MATERIAL PROVIDED:
(* Every two-qubit unitary operation is deterministically implementable over the grail network.
   Context: The grail network has nodes $i_1,i_2,n_1,n_2,n_3,n_4,o_1,o_2$ and nine edges: $\{i_1,n_1\}$, $\{n_4,o_2\}$, and the edges of a $(2,3)$-cluster network on the rows $(n_1,n_2,o_1)$ and $(i_2,n_3,n_4)$, namely $\{n_1,n_2\},\{n_2,o_1\},\{i_2,n_3\},\{n_3,n_4\},\{n_1,i_2\},\{n_2,n_3\},\{o_1,n_4\}$. The resource state is the tensor product over all edges of an EPR pair $(|00\rangle+|11\rangle)/\sqrt2$ with one qubit at each endpoint; classical communication between any nodes is unrestricted. Input qubits are at $i_1,i_2$ and output qubits at $o_1,o_2$. A two-qubit unitary $U$ is deterministically implementable if some LOCC map (local operations at single nodes with unrestricted classical communication) maps $|\psi\rangle\langle\psi|\otimes|\Phi\rangle\langle\Phi|_{\mathcal R}$ to $U|\psi\rangle\langle\psi|U^\dagger$ on the output qubits for every pure input $|\psi\rangle$. *)

theory Defs
  imports Complex_Main "Jordan_Normal_Form.Schur_Decomposition"
begin

text \<open>Nodes: i1 = 0, i2 = 1, n1 = 2, n2 = 3, n3 = 4, n4 = 5, o1 = 6, o2 = 7.
  Each node v carries a finite-dimensional local space C^(D v) with basis 0..D v - 1.
  A global basis vector is a configuration c : node => local basis index
  (with c v = 0 for v >= 8).  Operators on the global space are functions
  cfg => cfg => complex (matrix entries); only entries at valid configurations matter.\<close>

type_synonym cfg = "nat \<Rightarrow> nat"
type_synonym op = "cfg \<Rightarrow> cfg \<Rightarrow> complex"

definition num_nodes :: nat where "num_nodes = 8"

definition configs :: "(nat \<Rightarrow> nat) \<Rightarrow> cfg set" where
  "configs D = {c. (\<forall>v<num_nodes. c v < D v) \<and> (\<forall>v. num_nodes \<le> v \<longrightarrow> c v = 0)}"

text \<open>Conjugation rho |-> (I \<otimes> K \<otimes> I) rho (I \<otimes> K \<otimes> I)^dagger, with K acting on node u,
  K a (dim_row K) x (dim_col K) matrix mapping C^(dim_col K) to C^(dim_row K).\<close>

definition kraus_apply :: "nat \<Rightarrow> complex mat \<Rightarrow> op \<Rightarrow> op" where
  "kraus_apply u K \<rho> = (\<lambda>c c'. \<Sum>a<dim_col K. \<Sum>b<dim_col K.
       K $$ (c u, a) * \<rho> (c(u := a)) (c'(u := b)) * cnj (K $$ (c' u, b)))"

text \<open>Finite-round LOCC protocols.  locc D D' \<Lambda> means: \<Lambda> is the (outcome-summed) map of
  a protocol that starts with local dimensions D and ends (on every branch) with local
  dimensions D'.  A round: some node u performs a local instrument with Kraus operators
  K j (j < m), K j : C^(D u) -> C^(n j) (ancillas / discarding are covered by the
  dimension change), satisfying completeness; the outcome j is broadcast and the
  remaining protocol \<Lambda> j may depend on it.\<close>

inductive locc :: "(nat \<Rightarrow> nat) \<Rightarrow> (nat \<Rightarrow> nat) \<Rightarrow> (op \<Rightarrow> op) \<Rightarrow> bool" where
  locc_id: "locc D D (\<lambda>\<rho>. \<rho>)"
| locc_step: "\<lbrakk> u < num_nodes;
     \<forall>j<(m::nat). K j \<in> carrier_mat (n j) (D u);
     \<forall>a<D u. \<forall>b<D u. (\<Sum>j<m. \<Sum>i<n j. cnj (K j $$ (i, a)) * K j $$ (i, b))
                        = (if a = b then 1 else 0);
     \<forall>j<m. locc (D(u := n j)) D' (\<Lambda> j) \<rbrakk>
   \<Longrightarrow> locc D D' (\<lambda>\<rho> c c'. \<Sum>j<m. \<Lambda> j (kraus_apply u (K j) \<rho>) c c')"

text \<open>Edges (as pairs of nodes), in the order
  {i1,n1}, {n4,o2}, {n1,n2}, {n2,o1}, {i2,n3}, {n3,n4}, {n1,i2}, {n2,n3}, {o1,n4}.\<close>

definition grail_edges :: "(nat \<times> nat) list" where
  "grail_edges = [(0,2), (5,7), (2,3), (3,6), (1,4), (4,5), (2,1), (3,4), (6,5)]"

datatype qlabel = InQ | EdgeQ nat

definition node_qubits :: "nat \<Rightarrow> qlabel list" where
  "node_qubits v = (if v = 0 \<or> v = 1 then [InQ] else [])
     @ [EdgeQ e. e \<leftarrow> [0..<length grail_edges],
                 v = fst (grail_edges ! e) \<or> v = snd (grail_edges ! e)]"

definition D0 :: "nat \<Rightarrow> nat" where
  "D0 v = (if v < num_nodes then 2 ^ length (node_qubits v) else 1)"

text \<open>Bit value of qubit l at node v in configuration c (qubit at position p of the
  node's list is binary digit p of the local index).\<close>

definition qbit :: "cfg \<Rightarrow> nat \<Rightarrow> qlabel \<Rightarrow> nat" where
  "qbit c v l = (c v div 2 ^ length (takeWhile (\<lambda>x. x \<noteq> l) (node_qubits v))) mod 2"

text \<open>Amplitude of |psi> (on i1,i2; index 2*bit(i1) + bit(i2)) tensor the EPR pairs.\<close>

definition init_amp :: "complex vec \<Rightarrow> cfg \<Rightarrow> complex" where
  "init_amp \<psi> c = \<psi> $ (2 * qbit c 0 InQ + qbit c 1 InQ) *
     (\<Prod>e<length grail_edges.
        if qbit c (fst (grail_edges ! e)) (EdgeQ e) = qbit c (snd (grail_edges ! e)) (EdgeQ e)
        then complex_of_real (1 / sqrt 2) else 0)"

definition rho0 :: "complex vec \<Rightarrow> op" where
  "rho0 \<psi> = (\<lambda>c c'. init_amp \<psi> c * cnj (init_amp \<psi> c'))"

text \<open>Output: o1 (node 6) and o2 (node 7) hold one qubit each; all other systems discarded.\<close>

definition Dout :: "nat \<Rightarrow> nat" where
  "Dout v = (if v = 6 \<or> v = 7 then 2 else 1)"

definition out_idx :: "cfg \<Rightarrow> nat" where
  "out_idx c = 2 * c 6 + c 7"

definition unitary_mat :: "complex mat \<Rightarrow> nat \<Rightarrow> bool" where
  "unitary_mat U n \<longleftrightarrow> U \<in> carrier_mat n n \<and> mat_adjoint U * U = 1\<^sub>m n"

definition det_implementable :: "complex mat \<Rightarrow> bool" where
  "det_implementable U \<longleftrightarrow> (\<exists>\<Lambda>. locc D0 Dout \<Lambda> \<and>
     (\<forall>\<psi>. dim_vec \<psi> = 4 \<longrightarrow> (\<Sum>i<4. (cmod (\<psi> $ i))\<^sup>2) = 1 \<longrightarrow>
        (\<forall>c\<in>configs Dout. \<forall>c'\<in>configs Dout.
           \<Lambda> (rho0 \<psi>) c c' = (U *\<^sub>v \<psi>) $ out_idx c * cnj ((U *\<^sub>v \<psi>) $ out_idx c'))))"

end

theory Submission
  imports Defs
begin

(*
  Write the unitary on input bits (a, b) and output bits (y1, y2) as
    U[(y1,y2),(a,b)] = \<Sum>q. L y2 [y1,q] * M q [y2,b] * R b [q,a],
  a product of three controlled one-qubit gates with alternating controls; it exists for every
  two-qubit unitary because conjugating by suitable controlled gates clears the off-diagonal
  blocks one after the other.

  In the protocol every node acts once, in the order i1, i2, n1, n2, n3, n4, o1, o2, measuring
  all its qubits except an output qubit.  Its Kraus operators teleport the quantum data along the
  unused EPR pairs, undo the Pauli byproducts of the broadcast earlier outcomes, and at n1, n3
  and o1 apply the controlled gates R, M and L.  Along every branch the global state is the product
  of the unused EPR pairs with an amplitude of the input data, transformed from stage to stage; after the last
  node every one of the 2^18 branches carries 2^-9 U psi, so their sum is U psi psi^* U^*.
*)

section \<open>Pure states and sequential protocols\<close>

definition pure_op :: "(cfg \<Rightarrow> complex) \<Rightarrow> op" where
  "pure_op f = (\<lambda>c c'. f c * cnj (f c'))"

definition local_apply :: "nat \<Rightarrow> complex mat \<Rightarrow> (cfg \<Rightarrow> complex) \<Rightarrow> cfg \<Rightarrow> complex" where
  "local_apply u K f = (\<lambda>c. \<Sum>a<dim_col K. K $$ (c u, a) * f (c(u := a)))"

lemma kraus_apply_pure_op: "kraus_apply u K (pure_op f) = pure_op (local_apply u K f)"
proof (intro ext)
  fix c c'
  show "kraus_apply u K (pure_op f) c c' = pure_op (local_apply u K f) c c'"
    unfolding kraus_apply_def pure_op_def local_apply_def
    by (simp add: sum_distrib_left sum_distrib_right mult_ac) (rule sum.swap)
qed

lemma configs_upd:
  assumes "x \<in> configs (D(u := d))" "u < num_nodes" "a < D u"
  shows "x(u := a) \<in> configs D"
  using assms unfolding configs_def by (auto split: if_splits)

lemma locc_cong:
  assumes "locc D D' \<Lambda>" and "\<forall>c\<in>configs D. \<forall>c'\<in>configs D. \<rho>1 c c' = \<rho>2 c c'"
    and "c \<in> configs D'" "c' \<in> configs D'"
  shows "\<Lambda> \<rho>1 c c' = \<Lambda> \<rho>2 c c'"
proof -
  from assms(1) have "\<forall>\<rho>1 \<rho>2 :: op. (\<forall>c\<in>configs D. \<forall>c'\<in>configs D. \<rho>1 c c' = \<rho>2 c c') \<longrightarrow>
     (\<forall>c\<in>configs D'. \<forall>c'\<in>configs D'. \<Lambda> \<rho>1 c c' = \<Lambda> \<rho>2 c c')"
  proof (induction rule: locc.induct)
    case (locc_id D)
    then show ?case by auto
  next
    case (locc_step u m K n D D' \<Lambda>)
    show ?case
    proof (intro allI impI ballI)
      fix \<rho>1 \<rho>2 :: op and c c'
      assume E: "\<forall>c\<in>configs D. \<forall>c'\<in>configs D. \<rho>1 c c' = \<rho>2 c c'"
        and c: "c \<in> configs D'" and c': "c' \<in> configs D'"
      have "\<Lambda> j (kraus_apply u (K j) \<rho>1) c c' = \<Lambda> j (kraus_apply u (K j) \<rho>2) c c'" if j: "j < m" for j
      proof -
        have dc: "dim_col (K j) = D u" using locc_step.hyps(2) j by auto
        have "\<forall>x\<in>configs (D(u := n j)). \<forall>x'\<in>configs (D(u := n j)).
            kraus_apply u (K j) \<rho>1 x x' = kraus_apply u (K j) \<rho>2 x x'"
          unfolding kraus_apply_def dc
          using E configs_upd[OF _ locc_step.hyps(1)] by (intro ballI sum.cong refl) auto
        then show ?thesis using locc_step.IH j c c' by blast
      qed
      then show "(\<lambda>\<rho> c c'. \<Sum>j<m. \<Lambda> j (kraus_apply u (K j) \<rho>) c c') \<rho>1 c c' =
                 (\<lambda>\<rho> c c'. \<Sum>j<m. \<Lambda> j (kraus_apply u (K j) \<rho>) c c') \<rho>2 c c'" by simp
    qed
  qed
  then show ?thesis using assms(2-4) by blast
qed

text \<open>Nodes v, v + 1, ..., v + n - 1 act in turn; node w applies the instrument K w h with
  M w outcomes, where h records the outcomes broadcast so far.\<close>

fun seq_protocol :: "(nat \<Rightarrow> nat) \<Rightarrow> (nat \<Rightarrow> (nat \<Rightarrow> nat) \<Rightarrow> nat \<Rightarrow> complex mat) \<Rightarrow> nat \<Rightarrow> nat \<Rightarrow> (nat \<Rightarrow> nat) \<Rightarrow> op \<Rightarrow> op" where
  "seq_protocol M K 0 v h = (\<lambda>\<rho>. \<rho>)"
| "seq_protocol M K (Suc n) v h = (\<lambda>\<rho> c c'. \<Sum>j<M v. seq_protocol M K n (Suc v) (h(v := j)) (kraus_apply v (K v h j) \<rho>) c c')"

definition dims_after :: "nat \<Rightarrow> nat \<Rightarrow> nat" where
  "dims_after v = (\<lambda>w. if w < v then Dout w else D0 w)"

lemma dims_after_8: "dims_after 8 = Dout"
  by (auto simp: dims_after_def Dout_def D0_def num_nodes_def)

lemma dims_after_0: "dims_after 0 = D0"
  by (auto simp: dims_after_def)

lemma dims_after_upd: "(dims_after v)(v := Dout v) = dims_after (Suc v)"
  by (auto simp: dims_after_def)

INSTRUCTIONS FOR THE TASK: Beginning at the top of the entries above, output each line exactly, and end with the line in which "A global basis" appears.

TASK RESPONSE:
(* Every two-qubit unitary operation is deterministically implementable over the grail network.
   Context: The grail network has nodes $i_1,i_2,n_1,n_2,n_3,n_4,o_1,o_2$ and nine edges: $\{i_1,n_1\}$, $\{n_4,o_2\}$, and the edges of a $(2,3)$-cluster network on the rows $(n_1,n_2,o_1)$ and $(i_2,n_3,n_4)$, namely $\{n_1,n_2\},\{n_2,o_1\},\{i_2,n_3\},\{n_3,n_4\},\{n_1,i_2\},\{n_2,n_3\},\{o_1,n_4\}$. The resource state is the tensor product over all edges of an EPR pair $(|00\rangle+|11\rangle)/\sqrt2$ with one qubit at each endpoint; classical communication between any nodes is unrestricted. Input qubits are at $i_1,i_2$ and output qubits at $o_1,o_2$. A two-qubit unitary $U$ is deterministically implementable if some LOCC map (local operations at single nodes with unrestricted classical communication) maps $|\psi\rangle\langle\psi|\otimes|\Phi\rangle\langle\Phi|_{\mathcal R}$ to $U|\psi\rangle\langle\psi|U^\dagger$ on the output qubits for every pure input $|\psi\rangle$. *)

theory Defs
  imports Complex_Main "Jordan_Normal_Form.Schur_Decomposition"
begin

text \<open>Nodes: i1 = 0, i2 = 1, n1 = 2, n2 = 3, n3 = 4, n4 = 5, o1 = 6, o2 = 7.
  Each node v carries a finite-dimensional local space C^(D v) with basis 0..D v - 1.
  A global basis vector is a configuration c : node => local basis index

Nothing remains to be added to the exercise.